Annual music festival in Arras, France

The Main Square Festival is an annual international music festival organized by Live Nation which takes place in the first week-end of July in Arras, France.

Created in 2004 by France Leduc Productions, the festival rose to one of the major music events of the country, attracting worldwide famous bands and stars like Coldplay, Depeche Mode, Placebo, Muse, Indochine, and Pearl Jam.
== 2004 ==

The first edition of the Main Square Festival took place on 3 July 2004 on the Grand-Place d'Arras. Gomm performed during the opening act and the headliner was Placebo. 15,000 spectators were present.

== 2005 ==

In 2005, Kyo & Sum 41 were the headliners on 3 July. This edition gathered 9,000 spectators.

== 2006 ==

The 2006 edition gathered around 45,000 people for a two-day festival on the Grand-Place d'Arras. Depeche Mode, Goldfrapp, Muse, The Kooks & Second Sex were present. During their live show, Muse broadcast live Thierry Henry's goal for France against Brazil in the 2006 World Cup quarter-finals.

== 2007 ==

The 2007 edition took place on 30 June and 1 July. The line-up was mainly composed of French artists, including headliners Indochine and Tryo, but also Ayọ, The Sunshiners, Air & Peter von Poehl.

== 2008 ==

The 2008 edition marked the beginning of the partnership with Live Nation and a three-day-format. The festival was organized from 4 to 6 July. The line-up was denser and more prestigious than the previous years. The 2008 edition gathered more than 60,000 people on the Grand-Place d'Arras. The Chemical Brothers, Underworld and Justice headlined the first day of the festival alongside Boys Noize and 2 Many DJ's. On the second day, Mika, The Kooks and BB Brunes were the headliners and The Hoosiers, Digitalism and Panic! at the Disco also performed. The final day was headlined by Radiohead while Sigur Rós, The Dø, Vampire Weekend, and The Wombats also performed.

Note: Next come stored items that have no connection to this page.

lemma vertigo_eigvec_vanishes:
  assumes t: "1 < t" and supp: "fock_supported M D"
    and eig: "vertigo t D = (\<lambda>i j. of_real (t ^ M) * D i j)" and top: "D M M = 0"
  shows "D i j = 0"
proof (induction "M - i" arbitrary: i j rule: less_induct)
  case less
  have lower: "D (i + k) (j + k) = 0" if "0 < k" for k
  proof (cases "M < i + k")
    case True
    then show ?thesis using fock_supportedD[OF supp] by blast
  next
    case False
    then show ?thesis using less[of "i + k"] that by simp
  qed
  have eq: "of_real (t ^ M) * D i j = of_real (t powr (real (i + j) / 2)) * D i j"
    using vertigo_leading_term[OF supp lower, of t] eig by metis
  show "D i j = 0"
  proof (rule ccontr)
    assume "D i j \<noteq> 0"
    then have "i \<le> M" "j \<le> M" using fock_supported_nonzero[OF supp] by blast+
    from eq \<open>D i j \<noteq> 0\<close> have "t ^ M = t powr (real (i + j) / 2)"
      by (metis mult_cancel_right of_real_eq_iff)
    then have "t powr real M = t powr (real (i + j) / 2)"
      using t by (simp add: powr_realpow)
    then have "real M = real (i + j) / 2" using t by (simp add: powr_inj)
    then have "real (2 * M) = real (i + j)" by simp
    then have "i = M" "j = M" using \<open>i \<le> M\<close> \<open>j \<le> M\<close> by linarith+
    with \<open>D i j \<noteq> 0\<close> top show False by simp
  qed
qed
(* Let $c,d\in\mathbb{N}$, $I=\mathbb{N}^d\times[c]$, $I_n=[n]^d\times[c]$, let $L\subseteq\mathbb{Z}^{(I)}$ be a lattice and $L_n=L\cap\mathbb{Z}^{(I_n)}$ for $n\ge1$. (i) If for every $n\ge1$, $\mathcal{B}_n\subseteq L_n$ is a generating set (respectively Markov basis, universal Gröbner basis, Graver basis) of $L_n$, then $\mathcal{B}=\bigcup_{n\ge1}\mathcal{B}_n$ is a generating set (respectively Markov basis, universal Gröbner basis, Graver basis) of $L$. Also, if $\prec$ is a term order on $\mathbb{Z}_{\ge0}^{(I)}$ and each $\mathcal{B}_n$ is a Gröbner basis of $L_n$ with respect to the restriction of $\prec$ to $\mathbb{Z}_{\ge0}^{(I_n)}$, then $\mathcal{B}$ is a Gröbner basis of $L$ with respect to $\prec$. (ii) If $\mathcal{G}$ is the Graver basis of $L$, then $\mathcal{G}\cap\mathbb{Z}^{(I_n)}$ is the Graver basis of $L_n$ for all $n\ge1$.
   Context: $\mathbb{N}=\{1,2,\dots\}$. For a set $J$, $\mathbb{Z}^{(J)}$ is the free abelian group with basis $J$, $\mathbb{Z}_{\ge0}^{(J)}$ its nonnegative vectors; $\mathbb{Z}^{(I_n)}\subseteq\mathbb{Z}^{(I)}$ by extension by zero; a lattice is a subgroup. $\mathbf{u}\sqsubseteq\mathbf{v}$ iff $u_jv_j\ge0$ and $|u_j|\le|v_j|$ for all $j$. A term order is an additive well-ordering of $\mathbb{Z}_{\ge0}^{(J)}$. For a lattice $L\subseteq\mathbb{Z}^{(J)}$ and $\mathbf{u}\in\mathbb{Z}_{\ge0}^{(J)}$, $F_L(\mathbf{u})=\{\mathbf{v}\in\mathbb{Z}_{\ge0}^{(J)}\mid\mathbf{u}-\mathbf{v}\in L\}$. For $\mathcal{B}\subseteq L$: generating set = generates $L$ as a group; Markov basis = for every $\mathbf{u}$ the graph on $F_L(\mathbf{u})$ with edges $\{\mathbf{v},\mathbf{w}\}$ for $\mathbf{v}-\mathbf{w}\in\pm\mathcal{B}$ is connected; Gröbner basis w.r.t. $\prec$ = for every $\mathbf{u}$ there is a directed path from $\mathbf{u}$ to the $\prec$-minimal element of $F_L(\mathbf{u})$ in the graph on $F_L(\mathbf{u})$ with an edge from $\mathbf{v}$ to $\mathbf{w}$ whenever $\mathbf{v}-\mathbf{w}\in\pm\mathcal{B}$ and $\mathbf{w}\prec\mathbf{v}$; universal Gröbner basis = Gröbner basis w.r.t. every term order. The Graver basis is the set of $\sqsubseteq$-minimal elements of $L\setminus\{\mathbf{0}\}$. *)

theory Defs
  imports Main "HOL-Library.Function_Algebras"
begin

text \<open>Vectors in Z^(J) are integer-valued functions on an ambient type 'j with finite
support contained in J.\<close>

definition supp :: "('j \<Rightarrow> int) \<Rightarrow> 'j set" where
  "supp u = {j. u j \<noteq> 0}"

definition ZJ :: "'j set \<Rightarrow> ('j \<Rightarrow> int) set" where
  "ZJ J = {u. finite (supp u) \<and> supp u \<subseteq> J}"

definition ZJ_nonneg :: "'j set \<Rightarrow> ('j \<Rightarrow> int) set" where
  "ZJ_nonneg J = {u \<in> ZJ J. \<forall>j. u j \<ge> 0}"

definition is_lattice :: "'j set \<Rightarrow> ('j \<Rightarrow> int) set \<Rightarrow> bool" where
  "is_lattice J L \<longleftrightarrow> L \<subseteq> ZJ J \<and> 0 \<in> L \<and> (\<forall>u\<in>L. \<forall>v\<in>L. u + v \<in> L) \<and> (\<forall>u\<in>L. - u \<in> L)"

definition conformal :: "('j \<Rightarrow> int) \<Rightarrow> ('j \<Rightarrow> int) \<Rightarrow> bool" where
  "conformal u v \<longleftrightarrow> (\<forall>j. u j * v j \<ge> 0 \<and> \<bar>u j\<bar> \<le> \<bar>v j\<bar>)"

text \<open>Term order on Z_{\<ge>0}^(J), given as a strict relation: an additive well-ordering.\<close>
definition term_order :: "'j set \<Rightarrow> (('j \<Rightarrow> int) \<Rightarrow> ('j \<Rightarrow> int) \<Rightarrow> bool) \<Rightarrow> bool" where
  "term_order J ord \<longleftrightarrow>
     (\<forall>u\<in>ZJ_nonneg J. \<not> ord u u) \<and>
     (\<forall>u\<in>ZJ_nonneg J. \<forall>v\<in>ZJ_nonneg J. \<forall>w\<in>ZJ_nonneg J. ord u v \<longrightarrow> ord v w \<longrightarrow> ord u w) \<and>
     (\<forall>u\<in>ZJ_nonneg J. \<forall>v\<in>ZJ_nonneg J. u \<noteq> v \<longrightarrow> ord u v \<or> ord v u) \<and>
     wf {(u, v). u \<in> ZJ_nonneg J \<and> v \<in> ZJ_nonneg J \<and> ord u v} \<and>
     (\<forall>u\<in>ZJ_nonneg J. \<forall>v\<in>ZJ_nonneg J. \<forall>w\<in>ZJ_nonneg J. ord u v \<longrightarrow> ord (u + w) (v + w))"

definition fiber :: "'j set \<Rightarrow> ('j \<Rightarrow> int) set \<Rightarrow> ('j \<Rightarrow> int) \<Rightarrow> ('j \<Rightarrow> int) set" where
  "fiber J L u = {v \<in> ZJ_nonneg J. u - v \<in> L}"

inductive_set gen_group :: "('j \<Rightarrow> int) set \<Rightarrow> ('j \<Rightarrow> int) set" for B where
  zero: "0 \<in> gen_group B"
| add: "x \<in> gen_group B \<Longrightarrow> b \<in> B \<Longrightarrow> x + b \<in> gen_group B"
| sub: "x \<in> gen_group B \<Longrightarrow> b \<in> B \<Longrightarrow> x - b \<in> gen_group B"

definition generating_set :: "('j \<Rightarrow> int) set \<Rightarrow> ('j \<Rightarrow> int) set \<Rightarrow> bool" where
  "generating_set L B \<longleftrightarrow> B \<subseteq> L \<and> gen_group B = L"

definition markov_basis :: "'j set \<Rightarrow> ('j \<Rightarrow> int) set \<Rightarrow> ('j \<Rightarrow> int) set \<Rightarrow> bool" where
  "markov_basis J L B \<longleftrightarrow> B \<subseteq> L \<and>
     (\<forall>u\<in>ZJ_nonneg J. \<forall>v\<in>fiber J L u. \<forall>w\<in>fiber J L u.
        (v, w) \<in> {(x, y). x \<in> fiber J L u \<and> y \<in> fiber J L u \<and> (x - y \<in> B \<or> y - x \<in> B)}\<^sup>*)"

On 7 July, a concert of Quebec star Celine Dion was organized on the Grand-Place d'Arras by Live Nation. Arras, Paris and Nice were the only three French cities on her "Taking Chances World Tour".

On 14 August, Live Nation organized another concert on the Grand-Place d'Arras. The entertainment company brought American heavy metal band Metallica for a show that lasted over two hours.

== 2009 ==

In 2009, the festival took place from 2 to 5 July. The four-day-festival was headlined by Coldplay, Kanye West, Placebo and Lenny Kravitz. Despite the prestigious line-up, the tickets were tough to sell. The 4-day pass cost 175€. A few days before the festival, the organizers decided to apply a 40% discount on the tickets.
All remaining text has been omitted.